[Collected data entries]
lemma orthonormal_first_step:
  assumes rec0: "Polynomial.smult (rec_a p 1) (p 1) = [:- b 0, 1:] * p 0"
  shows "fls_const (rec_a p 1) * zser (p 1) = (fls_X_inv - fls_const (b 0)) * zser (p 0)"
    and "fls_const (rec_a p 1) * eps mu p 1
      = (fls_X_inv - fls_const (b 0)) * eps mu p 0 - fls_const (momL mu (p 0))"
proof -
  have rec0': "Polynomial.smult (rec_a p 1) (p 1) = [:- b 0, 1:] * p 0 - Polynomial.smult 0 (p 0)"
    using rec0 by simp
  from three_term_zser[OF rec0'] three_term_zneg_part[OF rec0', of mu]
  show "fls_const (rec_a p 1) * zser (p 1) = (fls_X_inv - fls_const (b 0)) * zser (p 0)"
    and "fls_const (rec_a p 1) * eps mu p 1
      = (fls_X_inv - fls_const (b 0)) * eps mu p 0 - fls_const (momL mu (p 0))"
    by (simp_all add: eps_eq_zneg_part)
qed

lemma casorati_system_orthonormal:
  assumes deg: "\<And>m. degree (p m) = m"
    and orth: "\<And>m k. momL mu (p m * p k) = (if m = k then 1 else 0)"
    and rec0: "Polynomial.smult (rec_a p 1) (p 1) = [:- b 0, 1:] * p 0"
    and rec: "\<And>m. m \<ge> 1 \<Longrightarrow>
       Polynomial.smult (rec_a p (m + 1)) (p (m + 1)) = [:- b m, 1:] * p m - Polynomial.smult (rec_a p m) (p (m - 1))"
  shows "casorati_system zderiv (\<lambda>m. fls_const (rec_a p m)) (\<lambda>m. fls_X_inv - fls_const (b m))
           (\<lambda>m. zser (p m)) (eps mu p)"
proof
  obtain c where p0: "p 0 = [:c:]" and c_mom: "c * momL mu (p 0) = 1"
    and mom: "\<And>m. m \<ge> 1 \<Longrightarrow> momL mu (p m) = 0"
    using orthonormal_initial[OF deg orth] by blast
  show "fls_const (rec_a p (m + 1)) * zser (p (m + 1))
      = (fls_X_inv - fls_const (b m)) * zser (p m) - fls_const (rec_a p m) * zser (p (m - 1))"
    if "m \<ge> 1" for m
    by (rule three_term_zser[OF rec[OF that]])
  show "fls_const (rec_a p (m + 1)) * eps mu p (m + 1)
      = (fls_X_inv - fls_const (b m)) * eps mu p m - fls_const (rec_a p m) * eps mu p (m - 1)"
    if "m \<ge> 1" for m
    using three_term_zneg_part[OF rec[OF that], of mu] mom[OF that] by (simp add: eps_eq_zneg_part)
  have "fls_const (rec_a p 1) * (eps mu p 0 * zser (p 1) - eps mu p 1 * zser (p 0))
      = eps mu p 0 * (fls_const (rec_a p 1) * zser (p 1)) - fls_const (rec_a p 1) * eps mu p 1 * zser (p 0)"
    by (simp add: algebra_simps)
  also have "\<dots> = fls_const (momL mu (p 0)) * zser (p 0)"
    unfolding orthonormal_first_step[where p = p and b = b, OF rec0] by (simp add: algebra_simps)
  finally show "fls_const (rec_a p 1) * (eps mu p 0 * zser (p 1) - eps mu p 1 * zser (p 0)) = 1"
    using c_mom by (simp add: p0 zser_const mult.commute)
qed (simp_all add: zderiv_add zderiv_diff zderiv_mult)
---
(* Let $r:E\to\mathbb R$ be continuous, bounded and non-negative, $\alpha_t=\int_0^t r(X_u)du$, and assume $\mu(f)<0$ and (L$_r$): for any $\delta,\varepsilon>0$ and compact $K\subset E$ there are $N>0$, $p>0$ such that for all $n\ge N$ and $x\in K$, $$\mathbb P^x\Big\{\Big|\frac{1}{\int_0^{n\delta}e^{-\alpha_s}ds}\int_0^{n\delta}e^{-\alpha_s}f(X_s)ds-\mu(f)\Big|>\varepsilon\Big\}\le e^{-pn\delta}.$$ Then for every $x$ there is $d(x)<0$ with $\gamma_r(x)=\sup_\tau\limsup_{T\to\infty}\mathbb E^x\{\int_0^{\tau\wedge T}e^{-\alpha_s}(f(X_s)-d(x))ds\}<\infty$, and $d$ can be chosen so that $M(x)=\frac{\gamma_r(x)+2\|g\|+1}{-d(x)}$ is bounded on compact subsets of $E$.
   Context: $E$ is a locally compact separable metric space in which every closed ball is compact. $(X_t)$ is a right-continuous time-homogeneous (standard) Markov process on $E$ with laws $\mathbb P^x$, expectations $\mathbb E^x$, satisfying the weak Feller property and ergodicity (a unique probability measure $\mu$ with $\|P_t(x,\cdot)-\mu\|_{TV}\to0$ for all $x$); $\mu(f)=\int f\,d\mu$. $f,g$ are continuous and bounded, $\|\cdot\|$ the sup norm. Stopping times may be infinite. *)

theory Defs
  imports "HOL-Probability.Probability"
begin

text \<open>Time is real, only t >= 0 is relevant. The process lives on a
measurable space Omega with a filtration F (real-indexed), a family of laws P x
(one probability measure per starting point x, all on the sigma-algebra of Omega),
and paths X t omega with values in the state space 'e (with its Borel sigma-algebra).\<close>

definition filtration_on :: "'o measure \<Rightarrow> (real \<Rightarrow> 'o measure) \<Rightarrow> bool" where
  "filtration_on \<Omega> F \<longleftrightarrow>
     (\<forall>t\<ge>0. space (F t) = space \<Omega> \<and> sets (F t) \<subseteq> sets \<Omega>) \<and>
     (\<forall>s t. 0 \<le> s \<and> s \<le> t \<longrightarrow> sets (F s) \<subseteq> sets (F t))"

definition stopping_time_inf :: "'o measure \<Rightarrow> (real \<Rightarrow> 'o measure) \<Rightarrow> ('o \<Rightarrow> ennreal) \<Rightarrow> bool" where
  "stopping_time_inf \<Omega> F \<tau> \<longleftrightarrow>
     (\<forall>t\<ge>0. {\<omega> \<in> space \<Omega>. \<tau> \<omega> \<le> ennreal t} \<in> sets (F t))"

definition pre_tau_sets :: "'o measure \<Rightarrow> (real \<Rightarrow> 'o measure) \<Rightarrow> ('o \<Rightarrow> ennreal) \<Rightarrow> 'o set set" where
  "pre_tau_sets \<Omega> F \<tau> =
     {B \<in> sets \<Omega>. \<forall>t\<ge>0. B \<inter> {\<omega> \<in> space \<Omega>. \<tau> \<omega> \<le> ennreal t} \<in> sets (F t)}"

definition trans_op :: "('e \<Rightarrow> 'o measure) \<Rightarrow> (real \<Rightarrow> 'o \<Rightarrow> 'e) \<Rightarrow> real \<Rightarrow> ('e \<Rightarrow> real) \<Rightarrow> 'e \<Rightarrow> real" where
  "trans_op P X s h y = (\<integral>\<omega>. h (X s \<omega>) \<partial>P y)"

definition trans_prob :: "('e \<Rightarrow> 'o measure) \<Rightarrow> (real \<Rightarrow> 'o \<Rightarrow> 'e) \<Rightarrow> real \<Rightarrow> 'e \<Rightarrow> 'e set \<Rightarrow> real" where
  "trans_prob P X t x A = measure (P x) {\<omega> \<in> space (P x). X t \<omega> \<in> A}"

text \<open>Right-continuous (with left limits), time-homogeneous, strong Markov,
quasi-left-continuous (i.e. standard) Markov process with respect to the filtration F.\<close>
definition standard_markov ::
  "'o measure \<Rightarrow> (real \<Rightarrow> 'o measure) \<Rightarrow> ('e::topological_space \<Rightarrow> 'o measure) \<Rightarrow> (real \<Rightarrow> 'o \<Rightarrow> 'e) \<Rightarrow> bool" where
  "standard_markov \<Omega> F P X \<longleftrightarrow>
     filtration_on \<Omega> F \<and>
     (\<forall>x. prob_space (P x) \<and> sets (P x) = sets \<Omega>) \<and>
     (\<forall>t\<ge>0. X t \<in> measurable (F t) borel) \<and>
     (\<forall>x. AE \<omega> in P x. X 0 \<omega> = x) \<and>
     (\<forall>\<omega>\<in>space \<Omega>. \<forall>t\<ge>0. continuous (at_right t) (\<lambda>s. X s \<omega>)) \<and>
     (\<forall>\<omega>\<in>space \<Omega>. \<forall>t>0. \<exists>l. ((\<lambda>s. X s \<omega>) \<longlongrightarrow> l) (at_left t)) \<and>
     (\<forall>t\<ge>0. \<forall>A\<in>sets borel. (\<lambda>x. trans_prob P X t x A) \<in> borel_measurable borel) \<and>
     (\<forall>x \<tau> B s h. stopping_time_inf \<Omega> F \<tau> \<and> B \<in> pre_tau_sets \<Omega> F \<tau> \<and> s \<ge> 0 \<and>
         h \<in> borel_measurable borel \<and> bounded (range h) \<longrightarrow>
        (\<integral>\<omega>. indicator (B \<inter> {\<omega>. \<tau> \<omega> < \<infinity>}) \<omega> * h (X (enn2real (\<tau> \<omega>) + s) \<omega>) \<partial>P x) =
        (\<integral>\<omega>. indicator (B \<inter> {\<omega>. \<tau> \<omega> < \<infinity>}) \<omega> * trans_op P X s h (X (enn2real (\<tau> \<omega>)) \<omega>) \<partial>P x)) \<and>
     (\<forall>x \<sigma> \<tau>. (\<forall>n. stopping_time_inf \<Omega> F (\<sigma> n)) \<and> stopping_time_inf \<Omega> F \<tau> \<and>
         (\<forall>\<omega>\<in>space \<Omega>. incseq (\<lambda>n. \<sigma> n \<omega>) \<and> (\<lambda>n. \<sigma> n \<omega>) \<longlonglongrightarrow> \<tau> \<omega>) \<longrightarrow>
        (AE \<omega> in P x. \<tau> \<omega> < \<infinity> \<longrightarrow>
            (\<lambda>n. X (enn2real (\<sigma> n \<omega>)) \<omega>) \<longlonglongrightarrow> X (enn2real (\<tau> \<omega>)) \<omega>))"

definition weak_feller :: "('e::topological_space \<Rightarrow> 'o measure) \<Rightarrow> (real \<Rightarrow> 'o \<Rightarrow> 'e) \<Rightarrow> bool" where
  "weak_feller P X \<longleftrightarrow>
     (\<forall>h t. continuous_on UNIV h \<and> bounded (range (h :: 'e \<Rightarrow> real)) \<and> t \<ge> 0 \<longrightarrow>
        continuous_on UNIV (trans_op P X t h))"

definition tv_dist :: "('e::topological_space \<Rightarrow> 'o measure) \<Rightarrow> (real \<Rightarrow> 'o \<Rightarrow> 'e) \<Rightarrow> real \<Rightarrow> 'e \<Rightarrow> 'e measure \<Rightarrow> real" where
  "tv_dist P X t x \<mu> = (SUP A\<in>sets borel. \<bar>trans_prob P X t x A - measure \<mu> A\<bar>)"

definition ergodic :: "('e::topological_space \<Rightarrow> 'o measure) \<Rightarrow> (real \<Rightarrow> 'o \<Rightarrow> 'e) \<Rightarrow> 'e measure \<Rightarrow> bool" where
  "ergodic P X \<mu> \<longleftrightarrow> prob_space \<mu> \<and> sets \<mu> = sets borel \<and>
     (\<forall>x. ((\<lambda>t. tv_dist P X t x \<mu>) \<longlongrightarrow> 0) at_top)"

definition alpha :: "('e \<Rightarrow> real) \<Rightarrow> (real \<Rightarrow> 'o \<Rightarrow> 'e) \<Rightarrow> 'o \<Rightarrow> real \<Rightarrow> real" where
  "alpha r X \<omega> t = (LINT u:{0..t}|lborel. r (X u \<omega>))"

[Goal of the exercise]
Every line in the records above that contains the word "Polynomial" is to be copied out.

[Task output]
  assumes rec0: "Polynomial.smult (rec_a p 1) (p 1) = [:- b 0, 1:] * p 0"
  have rec0': "Polynomial.smult (rec_a p 1) (p 1) = [:- b 0, 1:] * p 0 - Polynomial.smult 0 (p 0)"
    and rec0: "Polynomial.smult (rec_a p 1) (p 1) = [:- b 0, 1:] * p 0"
       Polynomial.smult (rec_a p (m + 1)) (p (m + 1)) = [:- b m, 1:] * p m - Polynomial.smult (rec_a p m) (p (m - 1))"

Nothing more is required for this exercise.